-- Dataset --
(* Let $G=\langle a,b,c\mid a^2=b^2=c^2=(ab)^3=(bc)^3=(ca)^3=1\rangle$ act on the Euclidean plane $\mathbf E^2$ as the reflection group of the tiling by equilateral triangles, and give $\mathbf E^2$ the structure of a space with walls whose walls are the lines of this tiling (each line determining the two open-or-closed half-planes it bounds, chosen as a complementary pair). Then the associated CAT(0) cube complex $X$ is isomorphic to $\mathbf R^3$ with its standard cubulation (vertex set $\mathbf Z^3$); the induced action of $G$ on $X$ is proper, preserves a plane perpendicular to $(1,1,1)$ on which it acts cocompactly, but is not cocompact on $X$.
   Context: A space with walls is a set $Y$ with a non-empty collection $\mathcal H\subset\mathcal P(Y)$ of non-empty subsets closed under complement, such that for any $p,q\in Y$ only finitely many $h\in\mathcal H$ contain $p$ but not $q$. Walls: $\{h,h^c\}$; $W$ the set of walls; walls cross if all four intersections of their half-spaces are non-empty. The associated cube complex $X$: vertices are the admissible sections $\sigma:W\to\mathcal H$ ($\sigma(\overline h)\in\overline h$ and $\sigma(\overline h)\not\subseteq\sigma(\overline k)^c$ for all walls $\overline h,\overline k$) lying in the connected component, of the graph joining sections differing on exactly one wall, which contains $\sigma_p$ ($\sigma_p(\overline h)$ = the half-space of $\overline h$ containing $p$); a unit $k$-cube is attached along the 1-skeleton-of-a-$k$-cube spanned by each vertex together with $k$ incident edges whose labelling walls pairwise cross. $G$ acts on sections by $(g\sigma)(\overline h)=g(\sigma(g^{-1}\overline h))$. *)

theory Defs
  imports "HOL-Analysis.Analysis"
begin

text \<open>A space with walls on the whole type 'a: H is the set of half-spaces
 (closed under complement in UNIV).\<close>

definition walls :: "'a set set \<Rightarrow> 'a set set set" where
  "walls H = {{h, - h} | h. h \<in> H}"

definition is_section :: "'a set set \<Rightarrow> ('a set set \<Rightarrow> 'a set) \<Rightarrow> bool" where
  "is_section H \<sigma> \<longleftrightarrow> (\<forall>w\<in>walls H. \<sigma> w \<in> w) \<and> (\<forall>w. w \<notin> walls H \<longrightarrow> \<sigma> w = {})"

definition admissible :: "'a set set \<Rightarrow> ('a set set \<Rightarrow> 'a set) \<Rightarrow> bool" where
  "admissible H \<sigma> \<longleftrightarrow> is_section H \<sigma> \<and>
     (\<forall>w\<in>walls H. \<forall>k\<in>walls H. \<not> (\<sigma> w \<subseteq> - \<sigma> k))"

definition sigma_pt :: "'a set set \<Rightarrow> 'a \<Rightarrow> ('a set set \<Rightarrow> 'a set)" where
  "sigma_pt H p = (\<lambda>w. if w \<in> walls H then (THE h. h \<in> w \<and> p \<in> h) else {})"

definition sec_edges :: "'a set set \<Rightarrow> (('a set set \<Rightarrow> 'a set) \<times> ('a set set \<Rightarrow> 'a set)) set" where
  "sec_edges H = {(\<sigma>, \<tau>). admissible H \<sigma> \<and> admissible H \<tau> \<and> (\<exists>!w. \<sigma> w \<noteq> \<tau> w)}"

definition cc_vertices :: "'a set set \<Rightarrow> 'a \<Rightarrow> ('a set set \<Rightarrow> 'a set) set" where
  "cc_vertices H p = {\<tau>. admissible H \<tau> \<and> (sigma_pt H p, \<tau>) \<in> (sec_edges H)\<^sup>*}"

definition crosses :: "'a set set \<Rightarrow> 'a set set \<Rightarrow> bool" where
  "crosses w k \<longleftrightarrow> (\<forall>h\<in>w. \<forall>h'\<in>k. h \<inter> h' \<noteq> {})"

definition flip :: "('a set set \<Rightarrow> 'a set) \<Rightarrow> 'a set set set \<Rightarrow> ('a set set \<Rightarrow> 'a set)" where
  "flip \<sigma> T = (\<lambda>w. if w \<in> T then - \<sigma> w else \<sigma> w)"

text \<open>Cubes of X, given by their vertex sets: a vertex with finitely many incident edges
 labelled by pairwise crossing walls, spanning the 1-skeleton of a cube.\<close>
definition cc_cubes :: "'a set set \<Rightarrow> 'a \<Rightarrow> ('a set set \<Rightarrow> 'a set) set set" where
  "cc_cubes H p = {{flip \<sigma> T | T. T \<subseteq> W0} | \<sigma> W0.
      \<sigma> \<in> cc_vertices H p \<and> W0 \<subseteq> walls H \<and> finite W0 \<and>
      (\<forall>w\<in>W0. \<forall>k\<in>W0. w \<noteq> k \<longrightarrow> crosses w k) \<and>
      (\<forall>T. T \<subseteq> W0 \<longrightarrow> flip \<sigma> T \<in> cc_vertices H p)}"

text \<open>Action of a map g on half-spaces: the half-space whose interior is the image of the
 interior (needed since no complementary choice of open/closed half-planes is G-invariant).\<close>
definition hs_img :: "'a::topological_space set set \<Rightarrow> ('a \<Rightarrow> 'a) \<Rightarrow> 'a set \<Rightarrow> 'a set" where
  "hs_img H g h = (THE h'. h' \<in> H \<and> interior h' = g ` interior h)"

definition wall_img :: "'a::topological_space set set \<Rightarrow> ('a \<Rightarrow> 'a) \<Rightarrow> 'a set set \<Rightarrow> 'a set set" where
  "wall_img H g w = hs_img H g ` w"

definition sec_act :: "'a::topological_space set set \<Rightarrow> ('a \<Rightarrow> 'a) \<Rightarrow> ('a set set \<Rightarrow> 'a set) \<Rightarrow> ('a set set \<Rightarrow> 'a set)" where
  "sec_act H g \<sigma> = (\<lambda>w. if w \<in> walls H then hs_img H g (\<sigma> (wall_img H (inv g) w)) else {})"

definition dot2 :: "real \<times> real \<Rightarrow> real \<times> real \<Rightarrow> real" where
  "dot2 p q = fst p * fst q + snd p * snd q"

definition nrm :: "nat \<Rightarrow> real \<times> real" where
  "nrm i = (if i = 0 then (0, 1) else if i = 1 then (sqrt 3 / 2, 1 / 2) else (sqrt 3 / 2, - 1 / 2))"

text \<open>Lines of the tiling by unit equilateral triangles: dot2 p (nrm i) = k * sqrt 3 / 2.
 Half-spaces: the closed side and the complementary open side.\<close>
definition tri_H :: "(real \<times> real) set set" where
  "tri_H = {{p. dot2 p (nrm i) \<ge> of_int k * (sqrt 3 / 2)} | i k. i < (3::nat)}
         \<union> {{p. dot2 p (nrm i) < of_int k * (sqrt 3 / 2)} | i k. i < (3::nat)}"

definition refl_line :: "nat \<Rightarrow> int \<Rightarrow> real \<times> real \<Rightarrow> real \<times> real" where
  "refl_line i k p = (let t = dot2 p (nrm i) - of_int k * (sqrt 3 / 2)
                      in (fst p - 2 * t * fst (nrm i), snd p - 2 * t * snd (nrm i)))"

text \<open>Generators a, b, c: reflections in the sides of the triangle (0,0), (1,0), (1/2, sqrt 3/2).\<close>
definition tri_gens :: "(real \<times> real \<Rightarrow> real \<times> real) set" where
  "tri_gens = {refl_line 0 0, refl_line 2 0, refl_line 1 1}"

inductive_set tri_G :: "(real \<times> real \<Rightarrow> real \<times> real) set" where
  tri_G_id: "id \<in> tri_G"
| tri_G_step: "g \<in> tri_G \<Longrightarrow> r \<in> tri_gens \<Longrightarrow> r \<circ> g \<in> tri_G"

definition Z3 :: "(real^3) set" where
  "Z3 = {x. \<forall>i. x $ i \<in> \<int>}"

definition std_cubes :: "(real^3) set set" where
  "std_cubes = {{v + (\<chi> i. if i \<in> T then 1 else 0) | T. T \<subseteq> S} | v S. v \<in> Z3}"

definition plane111 :: "real \<Rightarrow> (real^3) set" where
  "plane111 c = {x. x \<bullet> vector [1, 1, 1] = c}"

end

theory Submission
  imports Defs
begin

text \<open>The lines of the tiling are the level sets \<open>tri_coord j = k\<close> (\<open>j = 1, 2, 3\<close>, \<open>k \<in> \<int>\<close>) of
  three linear forms with \<open>tri_coord 1 + tri_coord 2 + tri_coord 3 = 0\<close>. Two lines cross iff
  they belong to different families, and admissibility forces a section to orient the lines of
  one family monotonically. So a vertex of \<open>X\<close> is given by one integer per family, adjacent
  vertices differ by one in one coordinate, and the cubes are the unit cubes of \<open>\<int>\<^sup>3\<close>.

  An element of \<open>G\<close> permutes the three families and acts on each by \<open>x \<mapsto> s x + d\<close> with
  \<open>s = \<plusminus>1\<close> and integral shifts summing to \<open>0\<close>; on \<open>\<int>\<^sup>3\<close> this is a signed coordinate
  permutation plus a translation, which extends to an isometry of \<open>\<real>\<^sup>3\<close>. The element is
  determined by these data, and the shifts are bounded when a compact set meets its image:
  this gives properness. The affine function \<open>x \<bullet> (1, 1, 1) + 3/2\<close> is multiplied by \<open>s\<close>, so
  its zero set is invariant and the translations in \<open>G\<close> act cocompactly on it, while its
  unboundedness rules out cocompactness on \<open>\<real>\<^sup>3\<close>.\<close>

section \<open>Coordinates, half-planes and walls of the tiling\<close>

definition tri_coord :: "3 \<Rightarrow> real \<times> real \<Rightarrow> real" where
  "tri_coord j p =
     (if j = 1 then 2 * snd p / sqrt 3
      else if j = 2 then - fst p - snd p / sqrt 3
      else fst p - snd p / sqrt 3)"

definition coord_point :: "real \<Rightarrow> real \<Rightarrow> real \<times> real" where
  "coord_point u v = (v + u / 2, u * sqrt 3 / 2)"

lemma tri_coord_coord_point [simp]:
  "tri_coord 1 (coord_point u v) = u"
  "tri_coord 2 (coord_point u v) = - u - v"
  "tri_coord 3 (coord_point u v) = v"
  by (auto simp: tri_coord_def coord_point_def field_simps)

lemma tri_coord_sum: "tri_coord 1 p + tri_coord 2 p + tri_coord 3 p = 0"
  by (simp add: tri_coord_def)

lemma tri_coord_eqI:
  assumes "i \<noteq> j" "tri_coord i p = tri_coord i q" "tri_coord j p = tri_coord j q"
  shows "p = q"
proof -
  have "tri_coord 1 p = tri_coord 1 q \<and> tri_coord 3 p = tri_coord 3 q"
    using assms tri_coord_sum[of p] tri_coord_sum[of q] exhaust_3[of i] exhaust_3[of j] by auto
  then have "snd p = snd q" "fst p = fst q"
    by (auto simp: tri_coord_def)
  then show ?thesis by (simp add: prod_eq_iff)
qed

lemma exists_tri_coord_pair:
  assumes "i \<noteq> j" shows "\<exists>p. tri_coord i p = \<alpha> \<and> tri_coord j p = \<beta>"
proof -
  let ?u = "if i = 1 then \<alpha> else if j = 1 then \<beta> else - \<alpha> - \<beta>"
  let ?v = "if i = 3 then \<alpha> else if j = 3 then \<beta> else - \<alpha> - \<beta>"
  have "tri_coord i (coord_point ?u ?v) = \<alpha> \<and> tri_coord j (coord_point ?u ?v) = \<beta>"
    using assms exhaust_3[of i] exhaust_3[of j] by auto
  then show ?thesis by blast
qed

-- The task --
All lines from the top of the data through the line containing "text \<open>A space" need to be retyped exactly, and nothing more.

-- Output of the task --
(* Let $G=\langle a,b,c\mid a^2=b^2=c^2=(ab)^3=(bc)^3=(ca)^3=1\rangle$ act on the Euclidean plane $\mathbf E^2$ as the reflection group of the tiling by equilateral triangles, and give $\mathbf E^2$ the structure of a space with walls whose walls are the lines of this tiling (each line determining the two open-or-closed half-planes it bounds, chosen as a complementary pair). Then the associated CAT(0) cube complex $X$ is isomorphic to $\mathbf R^3$ with its standard cubulation (vertex set $\mathbf Z^3$); the induced action of $G$ on $X$ is proper, preserves a plane perpendicular to $(1,1,1)$ on which it acts cocompactly, but is not cocompact on $X$.
   Context: A space with walls is a set $Y$ with a non-empty collection $\mathcal H\subset\mathcal P(Y)$ of non-empty subsets closed under complement, such that for any $p,q\in Y$ only finitely many $h\in\mathcal H$ contain $p$ but not $q$. Walls: $\{h,h^c\}$; $W$ the set of walls; walls cross if all four intersections of their half-spaces are non-empty. The associated cube complex $X$: vertices are the admissible sections $\sigma:W\to\mathcal H$ ($\sigma(\overline h)\in\overline h$ and $\sigma(\overline h)\not\subseteq\sigma(\overline k)^c$ for all walls $\overline h,\overline k$) lying in the connected component, of the graph joining sections differing on exactly one wall, which contains $\sigma_p$ ($\sigma_p(\overline h)$ = the half-space of $\overline h$ containing $p$); a unit $k$-cube is attached along the 1-skeleton-of-a-$k$-cube spanned by each vertex together with $k$ incident edges whose labelling walls pairwise cross. $G$ acts on sections by $(g\sigma)(\overline h)=g(\sigma(g^{-1}\overline h))$. *)

theory Defs
  imports "HOL-Analysis.Analysis"
begin

text \<open>A space with walls on the whole type 'a: H is the set of half-spaces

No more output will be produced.